Alessandro Luongo, photo Rolando Paolo Guerzoni

Alessandro Luongo, photo Rolando Paolo Guerzoni


Il Commendatore, Antonio Di Matteo
Donna Anna, Yolanda Auyanet
Don Ottavio, Blagoj Nacoski
Donna Elvira, Raffaella Lupinacci
Leporello, Roberto De Candia
Masetto, Felipe Correia Oliveira
Zerlina, Ayse Sener

Review by Fabio Bardelli.

LUCA/ITALY: This new production of Mozart’s Don Giovanni has been staged in several opera houses in Italy, and has now arrived in Lucca, Teatro del Giglio. Its visual impact is really very strong, stage director Rosetta Cucchi (on Kulturkompasset there is a review of another of her opera staging, Donizetti’s L’elisir d’amore in November 2013 from Florence) has located the opera in 1980s in America, cutting every tie to Lorenzo da Ponte’s libretto
. The performance alternates good moments to other where the level is very low.

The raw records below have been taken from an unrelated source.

(* Consider the three-link parallel network with unit demand and latencies $\ell_1(x_1)=x_1$, $\ell_2(x_2)=x_2$, $\ell_3(x_3)=\frac{x_3}{2}+\frac65$. Then every toll vector in the set $\left\{\left(t_1,\tfrac75-t_1,0\right)\ :\ \tfrac{24}{35}\le t_1\le\tfrac57\right\}$ is an uncapped subgame perfect Nash equilibrium; in particular $\mathcal{T}(\infty)$ contains infinitely many elements.
   Context: Flows $x\in\mathbb{R}^3_+$ with $x_1+x_2+x_3=1$. For tolls $t\in\mathbb{R}^3_+$, $x(t)$ is the unique Wardrop equilibrium for $t$ (for all $i,j$ with $x_i>0$: $\ell_i(x_i)+t_i\le\ell_j(x_j)+t_j$). Profit $\Pi_i(t)=t_ix_i(t)$. $\mathcal{T}(\infty)$: toll vectors $t\in\mathbb{R}^3_+$ such that for every $i$ and every $t'_i\ge0$, $\Pi_i(t_i,t_{-i})\ge\Pi_i(t'_i,t_{-i})$ (flow recomputed). Note that here the untolled Wardrop equilibrium does not have full support (link 3 is unused). *)

theory Defs
  imports "HOL-Analysis.Analysis"
begin

text \<open>Three parallel links, indexed by the numeral type 3 (elements 1, 2, 3 where 3 = 0).
  Flows and tolls are vectors in real^3. Unit demand.\<close>

definition flows :: "(real^3) set" where
  "flows = {x. (\<forall>i. 0 \<le> x $ i) \<and> (\<Sum>i\<in>UNIV. x $ i) = 1}"

definition wardrop :: "(3 \<Rightarrow> real \<Rightarrow> real) \<Rightarrow> real^3 \<Rightarrow> real^3 \<Rightarrow> bool" where
  "wardrop l t x \<longleftrightarrow> x \<in> flows \<and>
     (\<forall>i j. 0 < x $ i \<longrightarrow> l i (x $ i) + t $ i \<le> l j (x $ j) + t $ j)"

definition eqflow :: "(3 \<Rightarrow> real \<Rightarrow> real) \<Rightarrow> real^3 \<Rightarrow> real^3" where
  "eqflow l t = (THE x. wardrop l t x)"

definition profit :: "(3 \<Rightarrow> real \<Rightarrow> real) \<Rightarrow> 3 \<Rightarrow> real^3 \<Rightarrow> real" where
  "profit l i t = t $ i * eqflow l t $ i"

definition upd_toll :: "real^3 \<Rightarrow> 3 \<Rightarrow> real \<Rightarrow> real^3" where
  "upd_toll t i s = (\<chi> j. if j = i then s else t $ j)"

definition T_inf :: "(3 \<Rightarrow> real \<Rightarrow> real) \<Rightarrow> (real^3) set" where
  "T_inf l = {t. (\<forall>i. 0 \<le> t $ i) \<and>
     (\<forall>i s. 0 \<le> s \<longrightarrow> profit l i (upd_toll t i s) \<le> profit l i t)}"

definition lat :: "3 \<Rightarrow> real \<Rightarrow> real" where
  "lat i y = (if i = 1 then y else if i = 2 then y else y / 2 + 6 / 5)"

end

theory Submission imports Defs begin

text \<open>If link 1 lowers or raises its toll to \<open>s\<close> while link 2 keeps charging \<open>b\<close> and link 3 stays
  free, the equilibrium flow on link 1 is an explicit piecewise linear function of \<open>s\<close>:
  link 3 is unused as long as \<open>s + b \<le> 7/5\<close>, and link 1 is priced out once
  \<open>s > (17/5 + b)/3\<close>. Its revenue \<open>s\<close> times this flow is concave on each piece, and on the middle
  piece the bound \<open>24/35 \<le> t\<^sub>1\<close> is exactly what keeps the revenue below its current value.\<close>

lemma exists_coordinate_less:
  fixes x y :: "real^'n"
  assumes "(\<Sum>i\<in>UNIV. x $ i) = (\<Sum>i\<in>UNIV. y $ i)" and "x \<noteq> y"
  obtains i where "y $ i < x $ i"
proof -
  have "\<exists>i. y $ i < x $ i"
  proof (rule ccontr)
    assume "\<not> ?thesis"
    then have le: "\<forall>i\<in>UNIV. x $ i \<le> y $ i" by (simp add: not_less)
    from \<open>x \<noteq> y\<close> obtain k where "x $ k \<noteq> y $ k" by (auto simp: vec_eq_iff)
    with le have "\<exists>k\<in>UNIV. x $ k < y $ k" by (auto simp: order_less_le)
    with le have "(\<Sum>i\<in>UNIV. x $ i) < (\<Sum>i\<in>UNIV. y $ i)"
      by (intro sum_strict_mono_ex1) auto
    with assms(1) show False by simp
  qed
  with that show thesis by blast
qed

lemma wardrop_unique:
  assumes mono: "\<And>i. strict_mono (l i)"
    and x: "wardrop l t x" and y: "wardrop l t y"
  shows "x = y"
proof (rule ccontr)
  assume "x \<noteq> y"
  have sums: "(\<Sum>i\<in>UNIV. x $ i) = (\<Sum>i\<in>UNIV. y $ i)"
    using x y by (simp add: wardrop_def flows_def)
  obtain i where i: "y $ i < x $ i" using exists_coordinate_less[OF sums \<open>x \<noteq> y\<close>] .
  obtain j where j: "x $ j < y $ j" using exists_coordinate_less[OF sums[symmetric]] \<open>x \<noteq> y\<close> by metis
  have "0 \<le> y $ i" "0 \<le> x $ j" using x y by (auto simp: wardrop_def flows_def)
  then have "0 < x $ i" "0 < y $ j" using i j by linarith+
  then have "l i (x $ i) + t $ i \<le> l j (x $ j) + t $ j"
    and "l j (y $ j) + t $ j \<le> l i (y $ i) + t $ i"
    using x y by (auto simp: wardrop_def)
  moreover have "l i (y $ i) < l i (x $ i)" "l j (x $ j) < l j (y $ j)"
    using i j mono by (auto dest: strict_monoD)
  ultimately show False by linarith
qed

lemma eqflow_eqI:
  assumes "\<And>i. strict_mono (l i)" and "wardrop l t x"
  shows "eqflow l t = x"
  unfolding eqflow_def using assms wardrop_unique by blast

lemma strict_mono_lat: "strict_mono (lat i)"
  by (rule strict_monoI) (simp add: lat_def)

lemma wardrop_lat_iff:
  "wardrop lat t x \<longleftrightarrow>
    0 \<le> x$1 \<and> 0 \<le> x$2 \<and> 0 \<le> x$3 \<and> x$1 + x$2 + x$3 = 1 \<and>
    (0 < x$1 \<longrightarrow> x$1 + t$1 \<le> x$2 + t$2 \<and> x$1 + t$1 \<le> x$3/2 + 6/5 + t$3) \<and>
    (0 < x$2 \<longrightarrow> x$2 + t$2 \<le> x$1 + t$1 \<and> x$2 + t$2 \<le> x$3/2 + 6/5 + t$3) \<and>
    (0 < x$3 \<longrightarrow> x$3/2 + 6/5 + t$3 \<le> x$1 + t$1 \<and> x$3/2 + 6/5 + t$3 \<le> x$2 + t$2)"
  unfolding wardrop_def flows_def forall_3 sum_3 by (auto simp: lat_def)

definition own_flow :: "real \<Rightarrow> real \<Rightarrow> real" where
  "own_flow b s =
    (if s \<le> 7/5 - b then (1 + b - s) / 2
     else if s \<le> (17/5 + b) / 3 then (17/5 + b - 3 * s) / 4
     else 0)"

definition third_flow :: "real \<Rightarrow> real \<Rightarrow> real" where
  "third_flow b s =
    (if s \<le> 7/5 - b then 0
     else if s \<le> (17/5 + b) / 3 then (s + b - 7/5) / 2
     else 2 * (b - 1/5) / 3)"

lemma eqflow_lat_own_flow:
  assumes ij: "i \<noteq> 3" "j \<noteq> 3" "i \<noteq> j"
    and T: "T $ i = s" "T $ j = b" "T $ 3 = 0"
    and s: "0 \<le> s" and b: "1/5 \<le> b" "b \<le> 1"
  shows "eqflow lat T $ i = own_flow b s"
proof -
  define x :: "real^3" where
    "x = (\<chi> k. if k = i then own_flow b s
               else if k = 3 then third_flow b s
               else 1 - own_flow b s - third_flow b s)"
  have ij_cases: "i = 1 \<and> j = 2 \<or> i = 2 \<and> j = 1"
    using ij exhaust_3 by metis
  have "wardrop lat T x"
    using ij_cases
  proof
    assume "i = 1 \<and> j = 2"
    with T s b show ?thesis
      by (auto simp: wardrop_lat_iff x_def own_flow_def third_flow_def field_simps)
  next
    assume "i = 2 \<and> j = 1"
    with T s b show ?thesis
      by (auto simp: wardrop_lat_iff x_def own_flow_def third_flow_def field_simps)
  qed
  then show ?thesis
    by (simp add: eqflow_eqI[OF strict_mono_lat] x_def)
qed

lemma own_revenue_le:
  fixes a s :: real
  assumes a: "24/35 \<le> a" "a \<le> 5/7" and s: "0 \<le> s"
  shows "s * own_flow (7/5 - a) s \<le> a * own_flow (7/5 - a) a"
proof -
  have at_a: "own_flow (7/5 - a) a = 6/5 - a"
    by (simp add: own_flow_def)
  consider (free) "s \<le> a" | (shared) "a < s" "s \<le> (24/5 - a) / 3" | (priced_out) "(24/5 - a) / 3 < s"
    by linarith
  then show ?thesis
  proof cases
    case free
    have "0 \<le> (a - s) * (12/5 - 2 * a - s)" using free a by (intro mult_nonneg_nonneg) linarith+
    with free show ?thesis
      unfolding at_a by (simp add: own_flow_def algebra_simps) (simp add: field_simps; linarith)
  next
    case shared
    \<comment> \<open>The second factor is at least \<open>7a - 24/5\<close>, nonnegative precisely because \<open>a \<ge> 24/35\<close>.\<close>
    have "0 \<le> (s - a) * (4 * a + 3 * s - 24/5)" using shared a by (intro mult_nonneg_nonneg) linarith+
    with shared show ?thesis
      unfolding at_a by (simp add: own_flow_def algebra_simps) (simp add: field_simps; linarith)
  next
    case priced_out
    then show ?thesis using a by (simp add: own_flow_def)
  qed
qed

lemma profit_lat_symmetric_link:
  fixes t :: "real^3"
  assumes ij: "i \<noteq> 3" "j \<noteq> 3" "i \<noteq> j"
    and t: "t $ i + t $ j = 7/5" "24/35 \<le> t $ i" "t $ i \<le> 5/7" "t $ 3 = 0"
    and s: "0 \<le> s"
  shows "profit lat i (upd_toll t i s) \<le> profit lat i t"
proof -
  have "eqflow lat (upd_toll t i s) $ i = own_flow (7/5 - t $ i) s"
    using ij t s by (intro eqflow_lat_own_flow[where j = j]) (auto simp: upd_toll_def)
  moreover have "eqflow lat t $ i = own_flow (7/5 - t $ i) (t $ i)"
    using ij t by (intro eqflow_lat_own_flow[where j = j]) auto
  ultimately show ?thesis
    using own_revenue_le[OF t(2,3) s] by (simp add: profit_def upd_toll_def)
qed

lemma profit_lat_third_link:
  fixes t1 s :: real
  assumes "24/35 \<le> t1" "t1 \<le> 5/7" "0 \<le> s"
  shows "profit lat 3 (upd_toll (vector [t1, 7/5 - t1, 0]) 3 s) = 0"
proof -
  have "wardrop lat (upd_toll (vector [t1, 7/5 - t1, 0]) 3 s) (vector [6/5 - t1, t1 - 1/5, 0])"
    using assms by (simp add: wardrop_lat_iff upd_toll_def)
  then show ?thesis
    by (simp add: profit_def eqflow_eqI[OF strict_mono_lat])
qed

lemma toll_vector_in_T_inf:
  fixes t1 :: real
  assumes "24/35 \<le> t1" "t1 \<le> 5/7"
  shows "vector [t1, 7/5 - t1, 0] \<in> T_inf lat"
proof -
  let ?t = "vector [t1, 7/5 - t1, 0] :: real^3"
  have "profit lat i (upd_toll ?t i s) \<le> profit lat i ?t" if "0 \<le> s" for i s
  proof -
    consider "i = 1" | "i = 2" | "i = 3" using exhaust_3 by blast
    then show ?thesis
    proof cases
      case 1
      then show ?thesis using assms that by (intro profit_lat_symmetric_link[where j = 2]) auto
    next
      case 2
      then show ?thesis using assms that by (intro profit_lat_symmetric_link[where j = 1]) auto
    next
      case 3
      have "profit lat 3 ?t = 0" by (simp add: profit_def)
      with 3 show ?thesis using profit_lat_third_link[OF assms that] by simp
    qed
  qed
  moreover have "\<forall>i. 0 \<le> ?t $ i" unfolding forall_3 using assms by simp
  ultimately show ?thesis unfolding T_inf_def by blast
qed

theorem mainTheorem13:
  shows "(\<forall>t1::real. 24/35 \<le> t1 \<and> t1 \<le> 5/7 \<longrightarrow>
            vector [t1, 7/5 - t1, 0] \<in> T_inf lat)
         \<and> infinite (T_inf lat)"
proof
  show family: "\<forall>t1::real. 24/35 \<le> t1 \<and> t1 \<le> 5/7 \<longrightarrow> vector [t1, 7/5 - t1, 0] \<in> T_inf lat"
    using toll_vector_in_T_inf by blast
  let ?f = "\<lambda>t1::real. vector [t1, 7/5 - t1, 0] :: real^3"
  have "inj_on ?f {24/35..5/7}"
    by (rule inj_onI) (metis vector_3(1))
  moreover have "infinite {24/35..5/7::real}" by (rule infinite_Icc) simp
  ultimately have "infinite (?f ` {24/35..5/7})" using finite_imageD by blast
  moreover have "?f ` {24/35..5/7} \<subseteq> T_inf lat" using family by auto
  ultimately show "infinite (T_inf lat)" using finite_subset by blast
qed

end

Alessandro Luongo, photo Rolando Paolo Guerzoni

Alessandro Luongo, photo Rolando Paolo Guerzoni

The main character according to Cucchi’s view is the star of a trendy bar, a place with a unhealthy morbid athmosphere, and of course he tries to possess every woman who comes around him
. Donn’Anna is a refined lady who goes shopping with a taxi, and on the auto she will be raped by Don Giovanni (actually in Cucchi’s view she seems to consenting it).

Leporello is Don Giovanni’s assistant who takes photographs of every woman he conquests. Donna Elvira arrives not with her usual baggage, but with a rucksack and she dresses like a “femme fatale” trying to recapture her lover.

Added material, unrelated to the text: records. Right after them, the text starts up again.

lemma free_gmod_baer_injective:
  fixes M :: "'k::field gmod"
  assumes "free_gmod n M" "gmod_wf n M"
  shows "baer_injective n M"
proof -
  obtain as where iso: "giso n M (free_sum n as)" using assms(1) unfolding free_gmod_def by blast
  obtain f g where f: "gmap n M (free_sum n as) f" and g: "gmap n (free_sum n as) M g"
    and gf: "\<And>i. g i * f i = 1\<^sub>m (dims M i)" and "\<And>i. f i * g i = 1\<^sub>m (dims (free_sum n as :: 'k gmod) i)"
    using iso unfolding giso_def by blast
  show ?thesis
    by (rule retract_baer_injective[OF f g gf gmod_wf_acts_carrier[OF assms(2)] acts_carrier_free_sum
          baer_injective_free_sum])
qed

lemma free_gmod_socle_free_below:
  fixes M :: "'k::field gmod"
  assumes "free_gmod n M" "gmod_wf n M" and vanish: "\<And>i. i \<le> B \<Longrightarrow> dims M i = 0"
  shows "socle_free_below n M (B + int n + 2)"
proof -
  obtain as where iso: "giso n M (free_sum n as)" using assms(1) unfolding free_gmod_def by blast
  obtain f g where f: "gmap n M (free_sum n as) f" and g: "gmap n (free_sum n as) M g"
    and gf: "\<And>i. g i * f i = 1\<^sub>m (dims M i)" and "\<And>i. f i * g i = 1\<^sub>m (dims (free_sum n as :: 'k gmod) i)"
    using iso unfolding giso_def by blast
  have "socle_free_below n (free_sum n as :: 'k gmod) (B + int n + 2)"
    using socle_free_below_free_sum giso_dims_zero[OF iso] vanish by blast
  then show ?thesis
    using retract_socle_free_below[OF f gmap_carrier[OF g] gf gmod_wf_acts_carrier[OF assms(2)]
        acts_carrier_free_sum] by blast
qed

section \<open>Complexes, \<open>\<sigma>K\<close> and homotopies\<close>

lemma cplx_wf_gmod_wf: "cplx_wf n C \<Longrightarrow> gmod_wf n (cmod C p)"
  unfolding cplx_wf_def by auto

lemma cplx_wf_cdiff_gmap: "cplx_wf n C \<Longrightarrow> gmap n (cmod C p) (cmod C (p+1)) (cdiff C p)"
  unfolding cplx_wf_def by auto
lemma disjoint_open_copies_of_real:
  fixes a b :: real
  assumes "a < b"
  obtains J :: "nat \<Rightarrow> real set" and \<phi> \<psi> :: "nat \<Rightarrow> real \<Rightarrow> real"
  where "\<And>n. open (J n)" "\<And>n. J n \<subseteq> {a<..<b}" "\<And>m n. m \<noteq> n \<Longrightarrow> disjnt (J m) (J n)"
    "\<And>n. homeomorphism UNIV (J n) (\<phi> n) (\<psi> n)"
proof -
  define lo where "lo n = a + (b - a) / (real n + 2)" for n :: nat
  define hi where "hi n = a + (b - a) / (real n + 1)" for n :: nat
  have "lo n < hi n" for n
    using assms by (simp add: lo_def hi_def divide_strict_left_mono)
  then have "(UNIV::real set) homeomorphic {lo n<..<hi n}" for n
    by (subst homeomorphic_sym) (rule homeomorphic_open_interval_UNIV)
  then have "\<forall>n. \<exists>\<phi> \<psi>. homeomorphism (UNIV::real set) {lo n<..<hi n} \<phi> \<psi>"
    unfolding homeomorphic_def by blast
  then obtain \<phi> \<psi> :: "nat \<Rightarrow> real \<Rightarrow> real"
    where "\<And>n. homeomorphism UNIV {lo n<..<hi n} (\<phi> n) (\<psi> n)"
    by metis
  moreover have "{lo n<..<hi n} \<subseteq> {a<..<b}" for n
  proof -
    have "(b - a) / (real n + 1) \<le> (b - a) / 1"
      using assms by (intro divide_left_mono) auto
    then have "a < lo n" "hi n \<le> b"
      using assms by (simp_all add: lo_def hi_def)
    then show ?thesis
      by auto
  qed
  moreover have "disjnt {lo m<..<hi m} {lo n<..<hi n}" if "m \<noteq> n" for m n
  proof -
    have sep: "hi n \<le> lo m" if "m < n" for m n
      using assms that by (simp add: lo_def hi_def divide_left_mono)
    show ?thesis
      using that sep[of m n] sep[of n m]
      by (cases m n rule: linorder_cases) (auto simp: disjnt_iff)
  qed
  ultimately show thesis
    by (intro that[of "\<lambda>n. {lo n<..<hi n}" \<phi> \<psi>]) auto
qed

section \<open>Locally connected refinements of the Euclidean topology\<close>

lemma is_interval_contains_open_interval:
  fixes S :: "real set"
  assumes "is_interval S" "x \<in> S" "y \<in> S" "x \<noteq> y"
  shows "\<exists>a b. a < b \<and> {a<..<b} \<subseteq> S"
proof -
  have "{min x y<..<max x y} \<subseteq> S"
  proof
    fix z assume z: "z \<in> {min x y<..<max x y}"
    have "min x y \<in> S" "max x y \<in> S"
      using assms(2,3) by (simp_all add: min_def max_def)
    with z show "z \<in> S"
      using mem_is_interval_1_I[OF assms(1)] by (meson greaterThanLessThan_iff less_imp_le)
  qed
  moreover have "min x y < max x y"
    using assms(4) by linarith
  ultimately show ?thesis
    by blast
qed

locale euclidean_refinement =
  fixes \<tau> :: "real topology"
  assumes finer: "\<tau> \<in> finer_than_euclidean"
begin

abbreviation component :: "real \<Rightarrow> real set"
  where "component x \<equiv> connected_component_of_set \<tau> x"

lemma topspace_eq_UNIV [simp]: "topspace \<tau> = UNIV"
  using finer by (simp add: finer_than_euclidean_def)

lemma openin_if_open: "open U \<Longrightarrow> openin \<tau> U"
  using finer by (simp add: finer_than_euclidean_def)

lemma closedin_if_closed: "closed U \<Longrightarrow> closedin \<tau> U"
  by (simp add: closedin_def openin_if_open Compl_eq_Diff_UNIV[symmetric] open_Compl)

lemma connected_if_connectedin:
  assumes "connectedin \<tau> S" shows "connected S"
proof -
  have "continuous_map \<tau> euclideanreal id"
    by (simp add: continuous_map_def openin_if_open)
  from connectedin_continuous_map_image[OF this assms] show ?thesis
    by simp
qed

lemma is_interval_component: "is_interval (component x)"
  by (simp add: is_interval_connected_1 connected_if_connectedin connectedin_connected_component_of)

lemma in_component [simp]: "x \<in> component x"
  by (simp add: connected_component_of_refl)

lemma component_eq: "y \<in> component x \<Longrightarrow> component y = component x"
  by (simp add: connected_component_of_equiv)

lemma component_eq_singleton_if_isolated:
  assumes "openin \<tau> {x}" shows "component x = {x}"
  using connectedin_clopen_cases[OF connectedin_connected_component_of[of \<tau> x]
      closedin_if_closed[OF closed_singleton] assms]
  using in_component[of x] unfolding disjnt_iff by blast

\<comment> \<open>\<open>L\<close> stands for one of the two open half-lines at \<open>y\<close>.\<close>
lemma connectedin_side_meets_open_subset:
  assumes C: "connectedin \<tau> C" and W: "openin \<tau> W" "W \<subseteq> C" "y \<in> W"
    and L: "open L" "closed (insert y L)" and "C \<inter> L \<noteq> {}"
  shows "W \<inter> L \<noteq> {}"
proof
  assume WL: "W \<inter> L = {}"
  let ?R = "W \<union> - insert y L"
  have "openin \<tau> L" "openin \<tau> ?R"
    using W L by (simp_all add: openin_if_open openin_Un open_Compl)
  moreover have "C \<subseteq> L \<union> ?R" "L \<inter> ?R \<inter> C = {}" "?R \<inter> C \<noteq> {}"
    using W WL by auto
  ultimately show False
    using C \<open>C \<inter> L \<noteq> {}\<close> unfolding connectedin by blast
qed

lemma openin_top_of_set_if_connected_subset:
  assumes C: "connectedin \<tau> C" and W: "openin \<tau> W" "connected W" "W \<subseteq> C"
  shows "openin (top_of_set C) W"
  unfolding openin_euclidean_subtopology_iff
proof (intro conjI ballI)
  fix y assume y: "y \<in> W"
  have "insert y {y<..} = {y..}" "insert y {..<y} = {..y}"
    by auto
  then have closed_sides: "closed (insert y {y<..})" "closed (insert y {..<y})"
    by simp_all
  have "\<exists>e>0. \<forall>c\<in>C. y < c \<and> c < y + e \<longrightarrow> c \<in> W"
  proof (cases "C \<inter> {y<..} = {}")
    case False
    then obtain w where w: "w \<in> W" "y < w"
      using connectedin_side_meets_open_subset[OF C W(1,3) y, of "{y<..}"] closed_sides by auto
    then show ?thesis
      using connectedD_interval[OF W(2) y w(1)] by (intro exI[of _ "w - y"]) auto
  qed (auto intro: exI[of _ 1])
  then obtain e1 where e1: "e1 > 0" "\<forall>c\<in>C. y < c \<and> c < y + e1 \<longrightarrow> c \<in> W"
    by blast
  have "\<exists>e>0. \<forall>c\<in>C. y - e < c \<and> c < y \<longrightarrow> c \<in> W"
  proof (cases "C \<inter> {..<y} = {}")
    case False
    then obtain w where w: "w \<in> W" "w < y"
      using connectedin_side_meets_open_subset[OF C W(1,3) y, of "{..<y}"] closed_sides by auto
    then show ?thesis
      using connectedD_interval[OF W(2) w(1) y] by (intro exI[of _ "y - w"]) auto
  qed (auto intro: exI[of _ 1])
  then obtain e2 where e2: "e2 > 0" "\<forall>c\<in>C. y - e2 < c \<and> c < y \<longrightarrow> c \<in> W"
    by blast
  show "\<exists>e>0. \<forall>c\<in>C. dist c y < e \<longrightarrow> c \<in> W"
  proof (intro exI[of _ "min e1 e2"] conjI ballI impI)
    fix c assume "c \<in> C" "dist c y < min e1 e2"
    then show "c \<in> W"
      using e1 e2 y by (cases c y rule: linorder_cases) (auto simp: dist_real_def)
  qed (use e1 e2 in simp)
qed (use W in simp)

Cemetery scene, photo Rolando Paolo Guerzoni

Cemetery scene, photo Rolando Paolo Guerzoni


This sort of operation has a limit: the music becomes just a soundtrack of an autonomous show that goes on its on, not observing the subtle implications or the spurs coming from the music.

As it’s easy to understand, it’s a very personal and questionable interpretation of the opera, a staging where in any case it’s possible to find some interesting ideas: for instance, in the duel Don Giovanni suffers a light wound by the Commendatore, and this wound will bleed and will be cured all along the performance, almost like a new Amfortas who see the mortal abyss where his actions will bring him.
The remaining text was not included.